Teacher Biases and AI

Last registered on January 22, 2026

Pre-Trial

Trial Information

General Information

Title
Teacher Biases and AI
RCT ID
AEARCTR-0017679
Initial registration date
January 17, 2026

Initial registration date is when the trial was registered.

It corresponds to when the registration was submitted to the Registry to be reviewed for publication.

First published
January 22, 2026, 7:03 AM EST

First published corresponds to when the trial was first made public on the Registry after being reviewed.

Locations

There is information in this trial unavailable to the public. Use the button below to request access.

Request Information

Primary Investigator

Affiliation
Yale University

Other Primary Investigator(s)

PI Affiliation
Heriot Watt University
PI Affiliation
Monash University

Additional Trial Information

Status
In development
Start date
2026-01-23
End date
2026-07-10
Secondary IDs
Prior work
This trial does not extend or rely on any prior RCTs.
Abstract
Artificial intelligence (AI) tools are increasingly used in education, including for providing feedback and supporting assessment.
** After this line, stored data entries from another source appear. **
(* Let $C\subseteq\mathbb R^d$ be a compact convex set, let $A\subseteq\mathbb R^d$ be measurable, and let $A'$ be a homothet of $-C$ (a set of the form $x+\lambda(-C)$ with $\lambda>0$) with $\mathrm{vol}(A)=\mathrm{vol}(A')$. Then $$\mathrm{vol}\Big(\bigcap_{a\in A}(a+C)\Big)\le\mathrm{vol}\Big(\bigcap_{a\in A'}(a+C)\Big).$$
   Context: $\mathrm{vol}$ denotes $d$-dimensional Lebesgue measure. *)

theory Defs
  imports "HOL-Analysis.Analysis"
begin

end

theory Submission
  imports Defs
begin

(* Let B = (INT a:A. a + C).  Every b in B and a in A satisfy b - a in C, so B + (-A) lies in C
   and the Brunn--Minkowski inequality gives vol(B)^(1/n) + vol(A)^(1/n) <= vol(C)^(1/n).  As
   vol(A) = vol(A') = t^n vol(C), this yields vol(B) <= (1 - t)^n vol(C) for t < 1 and
   vol(B) = 0 for t >= 1.  For t < 1, convexity shows that the intersection B' over the
   reflected homothet A' = x - t C contains the homothet x + (1 - t) C, of volume (1 - t)^n vol(C).

   Most of the file proves the Brunn--Minkowski inequality, following Hadwiger and Ohmann:
     1. for two boxes it is the superadditivity of the geometric mean;
     2. for finite unions of boxes with disjoint interiors, by induction on the number of boxes:
        cut one family along a hyperplane separating two of its boxes, cut the other family in
        the same proportion, and glue the inequalities for the two pairs of pieces;
     3. for nonempty compact sets, by covering them with fine grid cubes and letting the mesh
        tend to zero;
     4. for B + (-A) with A merely measurable, by inner approximation of A by compact sets. *)

lemma inner_sum_Basis_coordinate:
  fixes f :: "'a::euclidean_space \<Rightarrow> real"
  assumes "i \<in> Basis"
  shows "(\<Sum>j\<in>Basis. f j *\<^sub>R j) \<bullet> i = f i"
  using assms by (simp add: inner_sum_left inner_Basis if_distrib cong: if_cong)

lemma le_powr_inverse_iff:
  fixes X y d :: real
  assumes "0 \<le> X" "0 \<le> y" "d > 0"
  shows "X \<le> y powr (1 / d) \<longleftrightarrow> X powr d \<le> y"
proof
  assume "X \<le> y powr (1 / d)"
  then have "X powr d \<le> (y powr (1 / d)) powr d" using assms by (intro powr_mono2) auto
  then show "X powr d \<le> y" using assms by (simp add: powr_powr)
next
  assume "X powr d \<le> y"
  then have "(X powr d) powr (1 / d) \<le> y powr (1 / d)" using assms by (intro powr_mono2) auto
  then show "X \<le> y powr (1 / d)" using assms by (simp add: powr_powr)
qed

text \<open>Superadditivity of the geometric mean: after dividing by the right-hand side, both
  terms are geometric means of numbers whose arithmetic means add up to \<open>1\<close>.\<close>

lemma prod_root_superadditive:
  fixes s r :: "'b \<Rightarrow> real"
  assumes "finite I" "I \<noteq> {}" "\<And>i. i \<in> I \<Longrightarrow> s i > 0" "\<And>i. i \<in> I \<Longrightarrow> r i > 0"
  shows "(\<Prod>i\<in>I. s i) powr (1 / card I) + (\<Prod>i\<in>I. r i) powr (1 / card I)
         \<le> (\<Prod>i\<in>I. s i + r i) powr (1 / card I)"
proof -
  let ?e = "1 / card I" and ?w = "\<lambda>i. s i + r i"
  have card: "card I > 0" using assms by auto
  have w: "?w i > 0" if "i \<in> I" for i using assms that by (simp add: add_pos_pos)
  have "(\<Prod>i\<in>I. ?w i) > 0" using w by (simp add: prod_pos)
  then have prodw: "(\<Prod>i\<in>I. ?w i) powr ?e > 0" by simp
  have "(\<Prod>i\<in>I. s i / ?w i) powr ?e + (\<Prod>i\<in>I. r i / ?w i) powr ?e
        \<le> (\<Sum>i\<in>I. s i / ?w i / card I) + (\<Sum>i\<in>I. r i / ?w i / card I)"
    using assms w by (intro add_mono arith_geom_mean) (auto intro: less_imp_le)
  also have "\<dots> = (\<Sum>i\<in>I. 1 / card I)"
    unfolding sum.distrib[symmetric]
  proof (intro sum.cong refl)
    fix i assume "i \<in> I"
    then have "?w i \<noteq> 0" using w by (metis less_irrefl)
    then show "s i / ?w i / card I + r i / ?w i / card I = 1 / card I"
      by (simp add: add_divide_distrib[symmetric])
  qed
  also have "\<dots> = 1" using assms by simp
  finally have "((\<Prod>i\<in>I. s i) powr ?e + (\<Prod>i\<in>I. r i) powr ?e) / (\<Prod>i\<in>I. ?w i) powr ?e \<le> 1"
    using assms w by (simp add: prod_dividef powr_divide prod_nonneg less_imp_le add_divide_distrib)
  then show ?thesis using prodw by (simp add: divide_le_eq)
qed

text \<open>Minkowski sums \<open>S + T = {s + t. s \<in> S, t \<in> T}\<close> are written with the pointwise
  addition of sets; the sum of two compact sets is compact.\<close>

lemma compact_set_plus:
  fixes S T :: "'a::real_normed_vector set"
  assumes "compact S" "compact T"
  shows "compact (S + T)"
proof -
  have "S + T = {x + y | x y. x \<in> S \<and> y \<in> T}" by (auto simp: set_plus_def)
  then show ?thesis using compact_sums[OF assms] by simp
qed

lemma measure_reflection: "measure lebesgue (uminus ` S) = measure lebesgue (S :: 'a::euclidean_space set)"
proof -
  have "uminus ` S = (\<lambda>x. (-1) *\<^sub>R x + 0) ` S" by simp
  then show ?thesis using measure_lebesgue_affine[of "-1" 0 S] by simp
qed

subsection \<open>The Brunn--Minkowski inequality for boxes\<close>

definition brunn_minkowski :: "'a::euclidean_space set \<Rightarrow> 'a set \<Rightarrow> bool" where
  "brunn_minkowski S T \<longleftrightarrow>
     measure lebesgue S powr (1 / DIM('a)) + measure lebesgue T powr (1 / DIM('a))
       \<le> measure lebesgue (S + T) powr (1 / DIM('a))"

lemma brunn_minkowski_commute: "brunn_minkowski S T \<Longrightarrow> brunn_minkowski T S"
  unfolding brunn_minkowski_def by (simp add: add.commute)

definition proper_box :: "'a::euclidean_space set \<Rightarrow> bool" where
  "proper_box K \<longleftrightarrow> (\<exists>u v. K = cbox u v \<and> (\<forall>i\<in>Basis. u \<bullet> i < v \<bullet> i))"

lemma proper_box_compact: "proper_box K \<Longrightarrow> compact K"
  unfolding proper_box_def by auto

lemma proper_box_measure_pos: "proper_box K \<Longrightarrow> measure lebesgue K > 0"
  unfolding proper_box_def by (auto simp: content_pos_lt_eq)

lemma cbox_add_subset_set_plus:
  fixes u v p q :: "'a::euclidean_space"
  assumes uv: "\<And>i. i \<in> Basis \<Longrightarrow> u \<bullet> i < v \<bullet> i" and pq: "\<And>i. i \<in> Basis \<Longrightarrow> p \<bullet> i < q \<bullet> i"
  shows "cbox (u + p) (v + q) \<subseteq> cbox u v + cbox p q"
proof
  fix z assume z: "z \<in> cbox (u + p) (v + q)"
  \<comment> \<open>In each coordinate, cut z at the same relative position of both intervals.\<close>
  define \<theta> where "\<theta> i = (z \<bullet> i - u \<bullet> i - p \<bullet> i) / ((v \<bullet> i - u \<bullet> i) + (q \<bullet> i - p \<bullet> i))" for i :: 'a
  define x where "x = (\<Sum>i\<in>Basis. (u \<bullet> i + (v \<bullet> i - u \<bullet> i) * \<theta> i) *\<^sub>R i)"
  have \<theta>: "0 \<le> \<theta> i" "\<theta> i \<le> 1" if "i \<in> Basis" for i
    using z that uv[OF that] pq[OF that] by (auto simp: \<theta>_def mem_box inner_add_left divide_simps)
  have x: "x \<bullet> i = u \<bullet> i + (v \<bullet> i - u \<bullet> i) * \<theta> i" if "i \<in> Basis" for i
    unfolding x_def using that by (rule inner_sum_Basis_coordinate)
  have zx: "(z - x) \<bullet> i = p \<bullet> i + (q \<bullet> i - p \<bullet> i) * \<theta> i" if "i \<in> Basis" for i
  proof -
    have "(v \<bullet> i - u \<bullet> i) + (q \<bullet> i - p \<bullet> i) > 0" using uv[OF that] pq[OF that] by simp
    then show ?thesis using x[OF that] by (simp add: \<theta>_def inner_diff_left field_simps)
  qed
  have between: "0 \<le> (b - a) * s" "(b - a) * s \<le> b - a" if "a < b" "0 \<le> s" "s \<le> 1"
    for a b s :: real
    using that mult_left_le[of s "b - a"] by auto
  have "x \<in> cbox u v" unfolding mem_box
  proof
    fix i :: 'a assume i: "i \<in> Basis"
    show "u \<bullet> i \<le> x \<bullet> i \<and> x \<bullet> i \<le> v \<bullet> i"
      using between[OF uv[OF i] \<theta>[OF i]] by (simp add: x[OF i])
  qed
  moreover have "z - x \<in> cbox p q" unfolding mem_box
  proof
    fix i :: 'a assume i: "i \<in> Basis"
    show "p \<bullet> i \<le> (z - x) \<bullet> i \<and> (z - x) \<bullet> i \<le> q \<bullet> i"
      using between[OF pq[OF i] \<theta>[OF i]] by (simp add: zx[OF i])
  qed
  ultimately
  show "z \<in> cbox u v + cbox p q"
    using set_plus_intro[of x "cbox u v" "z - x" "cbox p q"] by simp
qed

text \<open>The Brunn--Minkowski inequality for two proper boxes: the sum of two boxes is again
  a box whose side lengths are the sums of the side lengths, so the inequality is the
  superadditivity of the geometric mean.\<close>

lemma brunn_minkowski_proper_box:
  fixes K L :: "'a::euclidean_space set"
  assumes "proper_box K" "proper_box L"
  shows "brunn_minkowski K L"
proof -
  obtain u v where K: "K = cbox u v" and uv: "\<And>i. i \<in> Basis \<Longrightarrow> u \<bullet> i < v \<bullet> i"
    using assms(1) unfolding proper_box_def by blast
  obtain p q where L: "L = cbox p q" and pq: "\<And>i. i \<in> Basis \<Longrightarrow> p \<bullet> i < q \<bullet> i"
    using assms(2) unfolding proper_box_def by blast
  let ?e = "1 / DIM('a)"
  have "\<forall>i\<in>Basis. (u + p) \<bullet> i \<le> (v + q) \<bullet> i"
    using uv pq by (simp add: inner_add_left add_mono less_imp_le)
  then have sum_box: "measure lebesgue (cbox (u + p) (v + q))
      = (\<Prod>i\<in>Basis. (v \<bullet> i - u \<bullet> i) + (q \<bullet> i - p \<bullet> i))"
    by (simp add: measure_lborel_cbox_eq inner_diff_left inner_add_left algebra_simps)
  have "measure lebesgue K powr ?e + measure lebesgue L powr ?e
      \<le> measure lebesgue (cbox (u + p) (v + q)) powr ?e"
    using prod_root_superadditive[of Basis "\<lambda>i. v \<bullet> i - u \<bullet> i" "\<lambda>i. q \<bullet> i - p \<bullet> i"] uv pq
    by (simp add: K L sum_box measure_lborel_cbox_eq less_imp_le inner_diff_left)
  also have "\<dots> \<le> measure lebesgue (K + L) powr ?e"
    using cbox_add_subset_set_plus[OF uv pq] compact_set_plus[of K L]
    by (intro powr_mono2 measure_mono_fmeasurable) (auto simp: K L intro: lmeasurable_compact)
  finally show ?thesis unfolding brunn_minkowski_def .
qed

lemma proper_boxes_separated:
  fixes K L :: "'a::euclidean_space set"
  assumes "proper_box K" "proper_box L" "interior K \<inter> interior L = {}"
  shows "\<exists>i\<in>Basis. \<exists>c. (K \<subseteq> {x. x \<bullet> i \<le> c} \<and> L \<subseteq> {x. c \<le> x \<bullet> i})
                       \<or> (L \<subseteq> {x. x \<bullet> i \<le> c} \<and> K \<subseteq> {x. c \<le> x \<bullet> i})"
proof -
  obtain u v where K: "K = cbox u v" and uv: "\<And>i. i \<in> Basis \<Longrightarrow> u \<bullet> i < v \<bullet> i"
    using assms(1) unfolding proper_box_def by blast
  obtain p q where L: "L = cbox p q" and pq: "\<And>i. i \<in> Basis \<Longrightarrow> p \<bullet> i < q \<bullet> i"
    using assms(2) unfolding proper_box_def by blast
  have "\<exists>i\<in>Basis. v \<bullet> i \<le> p \<bullet> i \<or> q \<bullet> i \<le> u \<bullet> i"
  proof (rule ccontr)
    assume "\<not> ?thesis"
    then have overlap: "\<And>i. i \<in> Basis \<Longrightarrow> p \<bullet> i < v \<bullet> i \<and> u \<bullet> i < q \<bullet> i" by force
    \<comment> \<open>Otherwise the centre of the intersection box is an interior point of both.\<close>
    define z where "z = (\<Sum>i\<in>Basis. ((max (u \<bullet> i) (p \<bullet> i) + min (v \<bullet> i) (q \<bullet> i)) / 2) *\<^sub>R i)"
    have mid: "a < m \<and> m < b \<and> c < m \<and> m < d"
      if "c < b" "a < d" "a < b" "c < d" "m = (max a c + min b d) / 2" for a b c d m :: real
      using that by (auto simp: max_def min_def split: if_splits)
    have "u \<bullet> i < z \<bullet> i \<and> z \<bullet> i < v \<bullet> i \<and> p \<bullet> i < z \<bullet> i \<and> z \<bullet> i < q \<bullet> i"
      if i: "i \<in> Basis" for i
      using overlap[OF i] uv[OF i] pq[OF i] i
      by (intro mid) (simp_all add: z_def inner_sum_Basis_coordinate)
    then have "z \<in> box u v \<inter> box p q" by (simp add: mem_box)
    then show False using assms(3) by (auto simp: K L interior_cbox)
  qed
  then obtain i where i: "i \<in> Basis" and sep: "v \<bullet> i \<le> p \<bullet> i \<or> q \<bullet> i \<le> u \<bullet> i" by blast
  show ?thesis
  proof (cases "v \<bullet> i \<le> p \<bullet> i")
    case True
    then have "K \<subseteq> {x. x \<bullet> i \<le> v \<bullet> i} \<and> L \<subseteq> {x. v \<bullet> i \<le> x \<bullet> i}"
      using i by (fastforce simp: K L mem_box)
    then show ?thesis using i by blast
  next
    case False
    then have "L \<subseteq> {x. x \<bullet> i \<le> q \<bullet> i} \<and> K \<subseteq> {x. q \<bullet> i \<le> x \<bullet> i}"
      using i sep by (fastforce simp: K L mem_box)
    then show ?thesis using i by blast
  qed
qed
This randomized experiment studies how access to an AI chatbot affects teachers’ grading decisions and potential biases when marking real student work. Teachers recruited to an online Qualtrics study are each assigned one authentic student script consisting of a question prompt and handwritten responses. The experiment randomizes two dimensions: (i) the name attached to the student work, which serves as a signal of student characteristics, and (ii) whether teachers have access to an AI assistant while marking. One-third of teachers mark the script without AI support, one-third receive access to an untrained AI chatbot, and one-third receive access to a trained AI assistant that is randomly designed to provide either systematically “fair” or systematically “harsh” guidance.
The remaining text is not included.